Saved data entries:
* * *
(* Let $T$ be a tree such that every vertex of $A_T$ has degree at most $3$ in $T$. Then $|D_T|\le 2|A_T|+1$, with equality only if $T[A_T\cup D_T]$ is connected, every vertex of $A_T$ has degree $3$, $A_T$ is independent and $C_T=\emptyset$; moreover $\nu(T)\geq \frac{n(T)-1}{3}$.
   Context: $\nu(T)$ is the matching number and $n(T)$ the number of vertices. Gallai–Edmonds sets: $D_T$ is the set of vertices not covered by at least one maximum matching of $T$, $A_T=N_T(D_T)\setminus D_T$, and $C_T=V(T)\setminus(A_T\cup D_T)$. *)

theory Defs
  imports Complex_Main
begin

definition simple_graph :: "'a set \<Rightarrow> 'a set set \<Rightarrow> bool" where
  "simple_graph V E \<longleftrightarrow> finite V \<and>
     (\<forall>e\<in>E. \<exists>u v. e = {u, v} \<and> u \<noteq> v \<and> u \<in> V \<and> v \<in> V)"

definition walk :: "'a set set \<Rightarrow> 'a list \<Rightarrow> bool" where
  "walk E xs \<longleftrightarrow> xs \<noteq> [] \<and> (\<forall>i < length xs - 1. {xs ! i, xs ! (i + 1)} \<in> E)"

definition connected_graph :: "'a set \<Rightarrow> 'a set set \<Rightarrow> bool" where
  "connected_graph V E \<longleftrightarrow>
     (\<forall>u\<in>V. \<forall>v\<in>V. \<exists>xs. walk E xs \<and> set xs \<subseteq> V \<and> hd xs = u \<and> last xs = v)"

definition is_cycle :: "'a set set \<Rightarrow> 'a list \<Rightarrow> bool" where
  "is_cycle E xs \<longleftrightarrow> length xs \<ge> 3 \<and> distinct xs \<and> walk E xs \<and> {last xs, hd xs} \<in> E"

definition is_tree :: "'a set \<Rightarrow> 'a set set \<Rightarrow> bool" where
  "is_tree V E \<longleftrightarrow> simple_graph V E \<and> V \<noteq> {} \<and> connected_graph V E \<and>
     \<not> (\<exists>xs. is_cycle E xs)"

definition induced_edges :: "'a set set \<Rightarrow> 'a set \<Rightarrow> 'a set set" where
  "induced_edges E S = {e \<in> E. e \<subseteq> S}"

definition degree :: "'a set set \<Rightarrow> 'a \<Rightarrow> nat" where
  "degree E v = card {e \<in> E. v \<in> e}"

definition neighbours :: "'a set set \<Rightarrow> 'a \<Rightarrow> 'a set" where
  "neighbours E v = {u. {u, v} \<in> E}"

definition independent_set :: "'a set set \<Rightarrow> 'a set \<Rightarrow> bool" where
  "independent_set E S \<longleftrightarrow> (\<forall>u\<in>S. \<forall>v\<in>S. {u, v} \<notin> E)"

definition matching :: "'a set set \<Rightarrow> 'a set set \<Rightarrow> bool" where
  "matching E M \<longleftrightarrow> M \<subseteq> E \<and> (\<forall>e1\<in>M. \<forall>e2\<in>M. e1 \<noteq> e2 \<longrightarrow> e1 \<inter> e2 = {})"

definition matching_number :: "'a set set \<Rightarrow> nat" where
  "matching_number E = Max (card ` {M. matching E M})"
* * *
Task to carry out: With "length" as the string to match, show every line of the entries above that has it.

Task solution:
  "walk E xs \<longleftrightarrow> xs \<noteq> [] \<and> (\<forall>i < length xs - 1. {xs ! i, xs ! (i + 1)} \<in> E)"
  "is_cycle E xs \<longleftrightarrow> length xs \<ge> 3 \<and> distinct xs \<and> walk E xs \<and> {last xs, hd xs} \<in> E"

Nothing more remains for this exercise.